We first verified that FIRST and non-FIRST faculty had similar backgrounds in relation to teaching. Participation in prior professional development activities and confidence in their current level of preparation as a teacher did not differ significantly within pairs (n = 18 pairs; Student’s t test, t = 0.66, P = 0.52; Wilcoxon signed-rank test, S = 14.5, P = 0.17). Faculty pairs were recruited from a broad range of institution types (seven research institutions, seven comprehensive institutions, six liberal arts institutions, and one community college), and the percentage of appointment (as per contract) that was devoted to teaching averaged 60% for both groups.

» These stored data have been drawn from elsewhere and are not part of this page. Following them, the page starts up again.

lemma space_unif01_expo [simp]: "space (unif01 \<Otimes>\<^sub>M expo T) = UNIV"
  by (simp add: space_pair_measure)

lemma sets_unif01_expo [simp]: "sets (unif01 \<Otimes>\<^sub>M expo T) = sets (borel \<Otimes>\<^sub>M borel)"
  by (rule sets_pair_measure_cong) simp_all

lemma prob_space_unif01: "prob_space unif01"
  unfolding unif01_def by (rule prob_space_uniform_measure) simp_all

lemma prob_space_unif01_expo: "0 < T \<Longrightarrow> prob_space (unif01 \<Otimes>\<^sub>M expo T)"
proof -
  assume "0 < T"
  then interpret E: prob_space "expo T"
    unfolding expo_def by (intro prob_space_exponential_density) simp
  interpret U: prob_space unif01 by (rule prob_space_unif01)
  interpret P: pair_prob_space unif01 "expo T" ..
  show ?thesis by (rule P.prob_space_axioms)
qed

lemma measurable_component_see_space:
  "k < N \<Longrightarrow> (\<lambda>x. x k) \<in> borel_measurable (see_space N)"
proof -
  assume "k < N"
  then have "(\<lambda>x. x k) \<in> measurable (PiM {..<N} (\<lambda>_. lborel)) lborel"
    by (intro measurable_component_singleton) simp
  then show ?thesis by (simp add: see_space_def)
qed

lemma measurable_into_see_space:
  assumes "\<And>k. k < N \<Longrightarrow> (\<lambda>\<omega>. f \<omega> k) \<in> borel_measurable M"
    and "\<And>\<omega> k. \<omega> \<in> space M \<Longrightarrow> N \<le> k \<Longrightarrow> f \<omega> k = undefined"
  shows "f \<in> measurable M (see_space N)"
  unfolding see_space_def
  by (rule measurable_PiM_single') (use assms in \<open>auto simp: PiE_def extensional_def\<close>)

lemma measurable_see_space_fst_component:
  "k < N \<Longrightarrow> (\<lambda>\<omega>. fst \<omega> k) \<in> borel_measurable (see_space N \<Otimes>\<^sub>M M)"
  by (rule measurable_compose[OF measurable_fst measurable_component_see_space])
text \<open>In the next two lemmas \<open>y\<close> stands for \<open>f w\<close>, \<open>a\<close> for \<open>1 - l\<close> and \<open>E\<close> for \<open>exp (m w)\<close>.\<close>

lemma bernoulli_value_le_root:
  fixes y l a E :: real
  assumes m: "0 < m" and l: "0 < l" and a: "0 < a" and E: "0 < E"
    and y: "y ^ m * (l + a * E) = 1"
  shows "y \<le> root m (1 / l)" and "y \<le> root m (1 / (a * E))"
proof -
  have "0 < l + a * E" using l a E by (simp add: add_pos_pos)
  then have y_pow: "y ^ m = 1 / (l + a * E)"
    using y by (simp add: field_simps)
  have le_root: "y \<le> root m B" if "1 / (l + a * E) \<le> B" "0 \<le> B" for B
    by (rule pow_le_pow_imp_le[OF _ _ m]) (use that m y_pow in simp_all)
  show "y \<le> root m (1 / l)"
    by (rule le_root) (use l a E in \<open>simp_all add: frac_le\<close>)
  show "y \<le> root m (1 / (a * E))"
    by (rule le_root) (use l a E in \<open>simp_all add: frac_le\<close>)
qed

lemma bernoulli_value_ge:
  fixes y l a E :: real
  assumes m: "0 < m" and l: "l \<le> 1" and a: "0 \<le> a" and E: "0 \<le> E"
    and y_pos: "0 < y" and y: "y ^ m * (l + a * E) = 1"
  shows "1 - a * E \<le> y"
proof (cases "a * E < 1")
  case True
  have lE: "0 < l + a * E"
    by (rule zero_less_mult_pos[of "y ^ m"]) (use y y_pos in simp_all)
  have "(1 - a * E) ^ m \<le> 1 - a * E"
    by (rule power_decreasing[of 1, simplified]) (use True m a E in auto)
  also have "\<dots> \<le> 1 / (l + a * E)"
  proof -
    have "(1 - a * E) * (l + a * E) \<le> (1 - a * E) * (1 + a * E)"
      using True l by (intro mult_left_mono) auto
    also have "\<dots> = 1 - (a * E)\<^sup>2" by (simp add: algebra_simps power2_eq_square)
    also have "\<dots> \<le> 1" by simp
    finally show ?thesis using lE by (simp add: field_simps)
  qed
  also have "\<dots> = y ^ m" using y lE by (simp add: field_simps)
  finally show ?thesis
    by (rule pow_le_pow_imp_le) (use y_pos m in auto)
qed (use y_pos in auto)

lemma integral_atLeast_split:
  fixes f :: "real \<Rightarrow> real"
  assumes c: "0 \<le> c" and "f integrable_on {0..c}" and "f integrable_on {c..}"
  shows "integral {0..} f = integral {0..c} f + integral {c..} f"
proof -
  have "{0..} = {0..c} \<union> {c..}" and "{0..c} \<inter> {c..} = {c}" using c by auto
  then show ?thesis using integral_Un[OF assms(2,3)] by simp
qed

lemma integrable_bounded_by_exp_minus:
  fixes f :: "real \<Rightarrow> real"
  assumes cont: "continuous_on {c..} f"
    and bound: "\<And>x. c \<le> x \<Longrightarrow> \<bar>f x\<bar> \<le> b * exp (- x)"
  shows "f integrable_on {c..}" and "integral {c..} f \<le> b * exp (- c)"
proof -
  have exp_int: "((\<lambda>x. b * exp (- x)) has_integral b * exp (- c)) {c..}"
    using has_integral_mult_right[OF has_integral_exp_minus_to_infinity[of 1 c]] by simp
  show int: "f integrable_on {c..}"
  proof (rule measurable_bounded_by_integrable_imp_integrable_real)
    show "f \<in> borel_measurable (lebesgue_on {c..})"
      by (intro continuous_imp_measurable_on_sets_lebesgue cont) auto
  qed (use exp_int bound in auto)
  have "integral {c..} f \<le> integral {c..} (\<lambda>x. b * exp (- x))"
    by (rule integral_le[OF int]) (use exp_int bound in \<open>auto simp: abs_le_iff\<close>)
  then show "integral {c..} f \<le> b * exp (- c)"
    using integral_unique[OF exp_int] by linarith
qed

lemma has_integral_one_minus_exp:
  fixes a c k :: real
  assumes k: "0 < k" and c: "0 \<le> c"
  shows "((\<lambda>w. 1 - a * exp (k * w)) has_integral c - a * (exp (k * c) - 1) / k) {0..c}"
proof -
  have "((\<lambda>w. 1 - a * exp (k * w)) has_integral
        (c - a * exp (k * c) / k) - (0 - a * exp (k * 0) / k)) {0..c}"
  proof (rule fundamental_theorem_of_calculus[OF c])
    fix x assume "x \<in> {0..c}"
    have "((\<lambda>w. w - a * exp (k * w) / k) has_real_derivative 1 - a * exp (k * x))
          (at x within {0..c})"
      using k by (auto intro!: derivative_eq_intros)
    then show "((\<lambda>w. w - a * exp (k * w) / k) has_vector_derivative 1 - a * exp (k * x))
          (at x within {0..c})"
      by (simp add: has_real_derivative_iff_has_vector_derivative)
  qed
  then show ?thesis by (simp add: algebra_simps diff_divide_distrib)
qed
lemma matching_if_subset_perfect_matching:
  assumes "M \<in> perfect_matchings X" "S \<subseteq> M"
  shows "matching X S"
  unfolding matching_def pairwise_def disjnt_def
  using perfect_matchings_edge[OF assms(1)] perfect_matchings_unique[OF assms(1)] assms(2)
  by blast

lemma card_Union_matching:
  assumes "finite X" "matching X S"
  shows "card (\<Union>S) = 2 * card S"
proof -
  have "card (\<Union>S) = (\<Sum>e\<in>S. card e)"
    using assms by (intro card_Union_disjoint) (auto simp: matching_def intro: finite_subset)
  also have "\<dots> = 2 * card S"
    using assms(2) by (simp add: matching_def)
  finally show ?thesis .
qed

lemma card_perfect_matching:
  assumes "finite X" "M \<in> perfect_matchings X"
  shows "card X = 2 * card M"
proof -
  have "\<Union>M = X"
    using perfect_matchings_edge[OF assms(2)] perfect_matchings_cover[OF assms(2)] by blast
  then show ?thesis
    using card_Union_matching[OF assms(1) matching_if_subset_perfect_matching[OF assms(2) order_refl]]
    by simp
qed

lemma perfect_matching_Diff:
  assumes M: "M \<in> perfect_matchings X" and "S \<subseteq> M"
  shows "M - S \<in> perfect_matchings (X - \<Union>S)"
  unfolding perfect_matchings_def
proof (intro CollectI conjI ballI)
  fix e assume "e \<in> M - S"
  then show "e \<subseteq> X - \<Union>S" "card e = 2"
    using perfect_matchings_edge[OF M] perfect_matchings_unique[OF M] \<open>S \<subseteq> M\<close> by blast+
next
  fix x assume x: "x \<in> X - \<Union>S"
  then obtain e where "e \<in> M" "x \<in> e"
    using perfect_matchings_cover[OF M] by blast
  with x show "\<exists>!e. e \<in> M - S \<and> x \<in> e"
    using perfect_matchings_unique[OF M] by (intro ex1I[of _ e]) blast+
qed

lemma perfect_matching_Un:
  assumes S: "matching X S" and N: "N \<in> perfect_matchings (X - \<Union>S)"
  shows "N \<union> S \<in> perfect_matchings X"
  unfolding perfect_matchings_def
proof (intro CollectI conjI ballI)
  fix e assume "e \<in> N \<union> S"
  then show "e \<subseteq> X" "card e = 2"
    using perfect_matchings_edge[OF N] S unfolding matching_def by blast+
next
  fix x assume x: "x \<in> X"
  show "\<exists>!e. e \<in> N \<union> S \<and> x \<in> e"
  proof (cases "x \<in> \<Union>S")
    case True
    then obtain e where "e \<in> S" "x \<in> e" by blast
    then show ?thesis
      using matching_unique[OF S] perfect_matchings_edge[OF N] by (intro ex1I[of _ e]) blast+
  next
    case False
    then obtain e where "e \<in> N" "x \<in> e"
      using perfect_matchings_cover[OF N] x by blast
    then show ?thesis
      using False perfect_matchings_unique[OF N] by (intro ex1I[of _ e]) blast+
  qed
qed
(* Let $\alpha,\beta\in[0,1]$ with $\alpha+\beta=1$, let $0<\delta<1/24$, and let $\xi$ be a real number with $\inf_{n\in\mathbb{N}} n\|n\xi\|\geqslant\delta$. Let $p$ be a positive integer and put $q=\left[\frac{p^2}{\delta}\log\frac{p^2}{\delta}\right]+1$. Let $$K=\Big\{x\in\mathbb{N}:\ p<x\leqslant q,\ \|x\xi\|\leqslant\frac{\delta}{(x\log(x+1))^\beta}\Big\}.$$ Then $$\sum_{x\in K}\frac{1}{(x\log(x+1))^\alpha}\leqslant 2^6\big(1+\log(1/\delta)\big).$$
   Context: $\|t\|$ denotes the distance from $t$ to the nearest integer; $[\cdot]$ is the integer part; $\log$ is the natural logarithm. *)

theory Defs
  imports "HOL-Analysis.Analysis"
begin

definition dist_int :: "real \<Rightarrow> real" where
  "dist_int t = (INF k\<in>(\<int>::real set). \<bar>t - k\<bar>)"

end

theory Submission
  imports Defs
begin

text \<open>
  Put \<open>F x = x log(x+1)\<close>, so that the summand is \<open>F(x)\<^sup>\<beta> / F(x)\<close>.
  For \<open>x < y\<close> in \<open>K\<close> the integer \<open>y - x\<close> satisfies \<open>\<parallel>(y-x)\<xi>\<parallel> \<le> 2\<delta>/F(x)\<^sup>\<beta>\<close>,
  so the hypothesis on \<open>\<xi>\<close> forces \<open>F(x)\<^sup>\<beta> \<le> 2(y - x)\<close>; likewise \<open>F(x)\<^sup>\<beta> \<le> x\<close>.
  Hence each summand is bounded by a constant times the increment of
  \<open>log log(x+1)\<close> up to the next element of \<open>K\<close>, and the sum telescopes to
  \<open>O(log log q - log log p) = O(1 + log(1/\<delta>))\<close>.
\<close>

lemma ln_ge_one_minus_inverse: "0 < (t::real) \<Longrightarrow> 1 - 1/t \<le> ln t"
  using ln_le_minus_one[of "1/t"] by (simp add: ln_div)

lemma one_le_ln_3: "1 \<le> ln (3::real)"
  using ln_ge_iff[of 3 1] exp_le by simp

lemma dist_int_nonneg: "0 \<le> dist_int t"
  unfolding dist_int_def by (rule cINF_greatest) (auto intro: Ints_0)

lemma dist_int_le: "k \<in> \<int> \<Longrightarrow> dist_int t \<le> \<bar>t - k\<bar>"
  unfolding dist_int_def by (rule cINF_lower) (auto simp: bdd_below_def intro!: exI[of _ 0])

lemma dist_int_diff_le: "dist_int (a - b) \<le> dist_int a + dist_int b"
proof -
  have "dist_int (a - b) - \<bar>b - k2\<bar> \<le> dist_int a" if k2: "k2 \<in> \<int>" for k2
  proof -
    have "dist_int (a - b) - \<bar>b - k2\<bar> \<le> \<bar>a - k1\<bar>" if k1: "k1 \<in> \<int>" for k1
    proof -
      have "dist_int (a - b) \<le> \<bar>(a - b) - (k1 - k2)\<bar>" using k1 k2 by (intro dist_int_le) auto
      thus ?thesis by linarith
    qed
    thus ?thesis unfolding dist_int_def[of a] by (intro cINF_greatest) (auto intro: Ints_0)
  qed
  hence "dist_int (a - b) - dist_int a \<le> \<bar>b - k2\<bar>" if "k2 \<in> \<int>" for k2
    using that by (smt (verit))
  hence "dist_int (a - b) - dist_int a \<le> dist_int b"
    unfolding dist_int_def[of b] by (intro cINF_greatest) (auto intro: Ints_0)
  thus ?thesis by linarith
qed

definition badly_approximable :: "real \<Rightarrow> real \<Rightarrow> bool" where
  "badly_approximable \<delta> \<xi> \<longleftrightarrow> (\<forall>n::nat\<ge>1. \<delta> \<le> real n * dist_int (real n * \<xi>))"

lemma badly_approximableI_INF:
  assumes "(INF n\<in>{1::nat..}. real n * dist_int (real n * \<xi>)) \<ge> \<delta>"
  shows "badly_approximable \<delta> \<xi>"
  unfolding badly_approximable_def
proof (intro allI impI)
  fix n :: nat assume "n \<ge> 1"
  hence "(INF n\<in>{1::nat..}. real n * dist_int (real n * \<xi>)) \<le> real n * dist_int (real n * \<xi>)"
    by (intro cINF_lower) (auto simp: bdd_below_def intro!: exI[of _ 0] mult_nonneg_nonneg dist_int_nonneg)
  thus "\<delta> \<le> real n * dist_int (real n * \<xi>)" using assms by linarith
qed

lemma badly_approximable_le_index:
  assumes "badly_approximable \<delta> \<xi>" "0 < \<delta>" "0 < G" "x \<ge> 1"
    and "dist_int (real x * \<xi>) \<le> \<delta> / G"
  shows "G \<le> real x"
proof -
  have "\<delta> \<le> real x * (\<delta> / G)"
    using assms(1,4,5) mult_left_mono[OF assms(5), of "real x"] by (auto simp: badly_approximable_def)
  thus ?thesis using assms(2,3) by (simp add: field_simps)
qed

lemma badly_approximable_le_gap:
  assumes "badly_approximable \<delta> \<xi>" "0 < \<delta>" "0 < G" "x < y"
    and "dist_int (real x * \<xi>) \<le> \<delta> / G" "dist_int (real y * \<xi>) \<le> \<delta> / G"
  shows "G \<le> 2 * (real y - real x)"
proof -
  have diff: "real (y - x) * \<xi> = real y * \<xi> - real x * \<xi>"
    using assms(4) by (simp add: of_nat_diff algebra_simps)
  have "dist_int (real (y - x) * \<xi>) \<le> \<delta> / G + \<delta> / G"
    using dist_int_diff_le[of "real y * \<xi>" "real x * \<xi>"] assms(5,6) unfolding diff by linarith
  also have "\<dots> = \<delta> / (G / 2)" by simp
  finally have "dist_int (real (y - x) * \<xi>) \<le> \<delta> / (G / 2)" .
  hence "G / 2 \<le> real (y - x)"
    using assms(3,4) by (intro badly_approximable_le_index[OF assms(1,2)]) auto
  thus ?thesis using assms(4) by (simp add: of_nat_diff)
qed

text \<open>On \<open>[x, min(y, 2x)]\<close> the function \<open>log log(t+1)\<close> has derivative at least \<open>1/(6 x log(x+1))\<close>.\<close>
lemma ln_ln_increment_ge:
  fixes x y b :: real
  assumes x1: "1 \<le> x" and xy: "x < y" and b_gap: "b \<le> 2*(y-x)" and b_x: "b \<le> x"
  shows "b / (x * ln (x+1)) \<le> 12 * (ln (ln (y+1)) - ln (ln (x+1)))"
proof -
  define L where "L = ln (x+1)"
  have L0: "0 < L" using x1 by (simp add: L_def)
  define z where "z = min y (2*x)"
  have xz: "x < z" using xy x1 by (simp add: z_def)
  have zy: "z \<le> y" "z \<le> 2*x" by (auto simp: z_def)
  have Lz0: "0 < ln (z+1)" using xz x1 by simp
  have Lz_le: "ln (z+1) \<le> 2 * L"
  proof -
    have "z + 1 \<le> (x+1)^2" using zy(2) x1 by (simp add: power2_eq_square algebra_simps) (smt (verit) mult_nonneg_nonneg)
    hence "ln (z+1) \<le> ln ((x+1)^2)" using xz x1 by simp
    thus ?thesis using x1 by (simp add: ln_realpow L_def)
  qed
  have d1: "(z-x)/(z+1) \<le> ln (z+1) - ln (x+1)"
    using ln_ge_one_minus_inverse[of "(z+1)/(x+1)"] xz x1 by (simp add: ln_div field_simps)
  have d2: "(ln (z+1) - ln (x+1)) / ln (z+1) \<le> ln (ln (z+1)) - ln (ln (x+1))"
    using ln_ge_one_minus_inverse[of "ln (z+1)/ln (x+1)"] Lz0 L0 by (simp add: ln_div field_simps L_def)
  have "(z-x)/(6*x*L) \<le> (z-x)/((z+1)*(2*L))"
  proof (rule divide_left_mono)
    have "(z+1)*(2*L) \<le> (3*x)*(2*L)" using zy x1 L0 by (intro mult_right_mono) auto
    thus "(z+1)*(2*L) \<le> 6*x*L" by simp
  qed (use xz L0 Lz0 x1 in auto)
  also have "\<dots> \<le> ((z-x)/(z+1)) / ln (z+1)"
    using Lz_le xz Lz0 x1 L0 by (simp add: divide_left_mono mult_left_mono)
  also have "\<dots> \<le> (ln (z+1) - ln (x+1)) / ln (z+1)" using divide_right_mono[OF d1, of "ln (z+1)"] Lz0 by simp
  also have "\<dots> \<le> ln (ln (y+1)) - ln (ln (x+1))"
  proof -
    have "ln (z+1) \<le> ln (y+1)" using zy xz x1 by simp
    hence "ln (ln (z+1)) \<le> ln (ln (y+1))" using Lz0 by simp
    thus ?thesis using d2 by linarith
  qed
  finally have key: "(z-x)/(6*x*L) \<le> ln (ln (y+1)) - ln (ln (x+1))" .
  have "b \<le> 2 * (z - x)" using b_gap b_x x1 by (auto simp: z_def min_def)
  hence "b / (x * L) \<le> 12 * ((z-x)/(6*x*L))" using x1 L0 by (simp add: field_simps)
  also have "\<dots> \<le> 12 * (ln (ln (y+1)) - ln (ln (x+1)))" using key by (rule mult_left_mono) simp
  finally have "b / (x * L) \<le> 12 * (ln (ln (y+1)) - ln (ln (x+1)))" .
  thus ?thesis unfolding L_def .
qed

lemma inverse_ln_weight_le_one:
  fixes x b :: real
  assumes "2 \<le> x" "b \<le> x"
  shows "b / (x * ln (x+1)) \<le> 1"
proof -
  have "1 \<le> ln (x + 1)" using one_le_ln_3 ln_le_cancel_iff[of 3 "x+1"] assms(1) by linarith
  hence "b \<le> x * ln (x + 1)" using assms by (smt (verit) mult_le_cancel_left1)
  thus ?thesis using assms by (simp add: divide_le_eq)
qed

lemma sum_le_increment_bound:
  fixes w \<Phi> :: "nat \<Rightarrow> real" and c :: real
  assumes "finite S" "S \<noteq> {}"
    and w1: "\<And>x. x \<in> S \<Longrightarrow> w x \<le> 1"
    and w_incr: "\<And>x y. x \<in> S \<Longrightarrow> y \<in> S \<Longrightarrow> x < y \<Longrightarrow> w x \<le> c * (\<Phi> y - \<Phi> x)"
  shows "sum w S \<le> c * (\<Phi> (Max S) - \<Phi> (Min S)) + 1"
  using assms
proof (induction S rule: finite_linorder_min_induct)
  case empty
  then show ?case by simp
next
  case (insert b A)
  show ?case
  proof (cases "A = {}")
    case True
    then show ?thesis using insert.prems(2)[of b] by simp
  next
    case False
    have IH: "sum w A \<le> c * (\<Phi> (Max A) - \<Phi> (Min A)) + 1"
      using insert False by auto
    have mA: "Min A \<in> A" and b_less: "b < Min A"
      using False insert.hyps by auto
    have "w b \<le> c * (\<Phi> (Min A) - \<Phi> b)"
      using insert.prems(3)[of b "Min A"] mA b_less by simp
    moreover have "sum w (insert b A) = w b + sum w A"
      using insert.hyps b_less mA by (subst sum.insert) auto
    moreover have "b \<le> Max A" using b_less Max_ge[OF insert.hyps(1) mA] by linarith
    hence "Max (insert b A) = Max A" "Min (insert b A) = b"
      using False insert.hyps(1) b_less by (auto simp: max_def min_def)
    ultimately show ?thesis using IH by (simp add: algebra_simps)
  qed
qed

lemma ln_ln_range_le:
  fixes \<delta> :: real and p m M :: nat
  assumes "p > 0" "0 < \<delta>" "\<delta> < 1/24" "p < m" "m \<le> M"
    and "M \<le> nat \<lfloor>(real p ^ 2 / \<delta>) * ln (real p ^ 2 / \<delta>)\<rfloor> + 1"
  shows "ln (ln (real M + 1)) - ln (ln (real m + 1)) \<le> 3 + 2 * ln (1 / \<delta>)"
proof -
  define P t A where "P = real p" and "t = ln (1 / \<delta>)" and "A = P^2 / \<delta>"
  have P1: "1 \<le> P" using assms(1) by (simp add: P_def)
  have t0: "0 \<le> t" using assms(2,3) by (simp add: t_def)
  have "1 * 24 \<le> P^2 * (1/\<delta>)" using P1 assms(2,3) by (intro mult_mono) (auto simp: field_simps)
  hence A24: "24 \<le> A" by (simp add: A_def)
  have lnA: "ln A = 2 * ln P + t" using P1 assms(2) by (simp add: A_def t_def ln_div ln_realpow)
  have "0 \<le> A * ln A" using A24 by simp
  hence "real (nat \<lfloor>A * ln A\<rfloor>) \<le> A * ln A" by linarith
  hence "real M \<le> A * ln A + 1"
    using assms(6) unfolding A_def P_def by linarith
  also have "A * ln A \<le> A * (A - 1)" using A24 ln_le_minus_one[of A] by (intro mult_left_mono) auto
  finally have "real M + 1 \<le> A^2" using A24 by (simp add: power2_eq_square algebra_simps)
  hence "ln (real M + 1) \<le> 2 * ln A" using A24 ln_mono[of "real M + 1" "A^2"] by (simp add: ln_realpow)
  hence R_le: "ln (real M + 1) \<le> 4 * ln P + 2 * t" using lnA by simp
  define Lm where "Lm = ln (real m + 1)"
  have "ln 3 \<le> ln (P + 2)" "ln (P + 2) \<le> Lm" "ln P \<le> ln (P + 2)"
    using P1 assms(4) by (auto simp: Lm_def P_def)
  hence Lm1: "1 \<le> Lm" and lnP: "ln P \<le> Lm" using one_le_ln_3 by linarith+
  have R0: "0 < ln (real M + 1)" using assms(4,5) by simp
  have "ln (ln (real M + 1)) - ln Lm = ln (ln (real M + 1) / Lm)"
    using R0 Lm1 by (simp add: ln_div)
  also have "\<dots> \<le> ln (real M + 1) / Lm - 1" using R0 Lm1 by (intro ln_le_minus_one) simp
  also have "\<dots> \<le> 4 * (ln P / Lm) + 2 * (t / Lm) - 1"
    using R_le Lm1 divide_right_mono[OF R_le, of Lm] by (simp add: add_divide_distrib)
  also have "\<dots> \<le> 4 * 1 + 2 * t - 1"
    using lnP Lm1 t0 by (intro diff_right_mono add_mono mult_left_mono) (auto simp: divide_le_eq mult_le_cancel_left1)
  finally show ?thesis by (simp add: Lm_def t_def)
qed

theorem corollary3:
  fixes \<alpha> \<beta> \<delta> \<xi> :: real and p :: nat
  assumes "0 \<le> \<alpha>" "\<alpha> \<le> 1" "0 \<le> \<beta>" "\<beta> \<le> 1" "\<alpha> + \<beta> = 1"
    and "0 < \<delta>" "\<delta> < 1/24"
    and "(INF n\<in>{1::nat..}. real n * dist_int (real n * \<xi>)) \<ge> \<delta>"
    and "p > 0"
  defines "q \<equiv> nat \<lfloor>(real p ^ 2 / \<delta>) * ln (real p ^ 2 / \<delta>)\<rfloor> + 1"
  defines "K \<equiv> {x::nat. x \<ge> 1 \<and> p < x \<and> x \<le> q \<and>
      dist_int (real x * \<xi>) \<le> \<delta> / (real x * ln (real x + 1)) powr \<beta>}"
  shows "(\<Sum>x\<in>K. 1 / (real x * ln (real x + 1)) powr \<alpha>) \<le> 2^6 * (1 + ln (1 / \<delta>))"
proof -
  define F where "F x = real x * ln (real x + 1)" for x :: nat
  define \<Phi> where "\<Phi> x = ln (ln (real x + 1))" for x :: nat
  have bad: "badly_approximable \<delta> \<xi>" using assms(8) by (rule badly_approximableI_INF)
  have K: "2 \<le> x \<and> p < x \<and> x \<le> q \<and> dist_int (real x * \<xi>) \<le> \<delta> / F x powr \<beta> \<and> 0 < F x"
    if "x \<in> K" for x using that assms(9) by (auto simp: K_def F_def)
  have summand: "1 / F x powr \<alpha> = F x powr \<beta> / F x" if "x \<in> K" for x
  proof -
    have "\<alpha> = 1 - \<beta>" using assms(5) by simp
    thus ?thesis using K[OF that] by (simp add: powr_diff)
  qed
  have "\<delta> / F y powr \<beta> \<le> \<delta> / F x powr \<beta>" if "x \<in> K" "y \<in> K" "x < y" for x y
    using K[OF that(1)] that(3) assms(3,6)
    by (intro divide_left_mono powr_mono2 mult_pos_pos) (auto simp: F_def intro!: mult_mono)
  hence gap: "F x powr \<beta> \<le> 2 * (real y - real x)" if "x \<in> K" "y \<in> K" "x < y" for x y
    using K[OF that(1)] K[OF that(2)] that assms(6)
    by (intro badly_approximable_le_gap[OF bad]) (auto intro: order.trans)
  have size: "F x powr \<beta> \<le> real x" if "x \<in> K" for x
    using K[OF that] assms(6) by (intro badly_approximable_le_index[OF bad]) auto
  have "finite K" by (rule finite_subset[of _ "{..q}"]) (auto simp: K_def)
  have "(\<Sum>x\<in>K. 1 / F x powr \<alpha>) \<le> 12 * (\<Phi> (Max K) - \<Phi> (Min K)) + 1" if "K \<noteq> {}"
  proof (rule sum_le_increment_bound[OF \<open>finite K\<close> that])
    show "1 / F x powr \<alpha> \<le> 1" if "x \<in> K" for x
      using K[OF that] size[OF that] unfolding summand[OF that] unfolding F_def
      by (intro inverse_ln_weight_le_one) auto
    show "1 / F x powr \<alpha> \<le> 12 * (\<Phi> y - \<Phi> x)" if "x \<in> K" "y \<in> K" "x < y" for x y
      using K[OF that(1)] size[OF that(1)] gap[OF that] that(3) unfolding summand[OF that(1)] unfolding F_def \<Phi>_def
      by (intro ln_ln_increment_ge) auto
  qed
  moreover have "\<Phi> (Max K) - \<Phi> (Min K) \<le> 3 + 2 * ln (1 / \<delta>)" if "K \<noteq> {}"
  proof -
    have "Min K \<in> K" "Max K \<in> K" "Min K \<le> Max K" using \<open>finite K\<close> that by auto
    thus ?thesis unfolding \<Phi>_def
      by (intro ln_ln_range_le[OF assms(9,6,7)]) (auto dest: K simp: q_def)
  qed
  moreover have "0 \<le> ln (1 / \<delta>)" using assms(6,7) by simp
  ultimately show ?thesis by (cases "K = {}") (auto simp: F_def)
qed

end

The pairs also reported similar first-hand knowledge of and experience with active learning (Student’s t test, t = −0.03, P = 0.97 and t = 0.06, P = 0.95, respectively) in the context of science education reform, assessment, theories of learning, and teaching practices (for example, case studies, cooperative/collaborative learning, and problem-based learning). Faculty pairs also reported similar levels of departmental commitment to undergraduate education (Student’s t test, t = −1.29, P = 0.21; Table 1). However, non-FIRST faculty perceived greater challenges to implementing an active-learning course compared with their FIRST faculty pair, specifically in terms of cooperation of faculty in other departments (but not in their own department) and of Teaching Assistants or other instructional staff (Student’s t test, t = −2.85, P < 0.01 and t = −2.11, P = 0.04, respectively). Perceptions of other potential barriers to active-learning course implementation (for example, time to develop materials, grade, training of Teaching Assistants, support of campus administrators, tenure-related issues, and student attitudes and evaluations) did not differ significantly between the two groups. Background data were incomplete for two pairs. Box plots of data from other assessments used in our study indicated similarity between these individuals and the other 18 faculty members in their respective group (FIRST or non-FIRST). Thus, these two pairs were included in subsequent analyses.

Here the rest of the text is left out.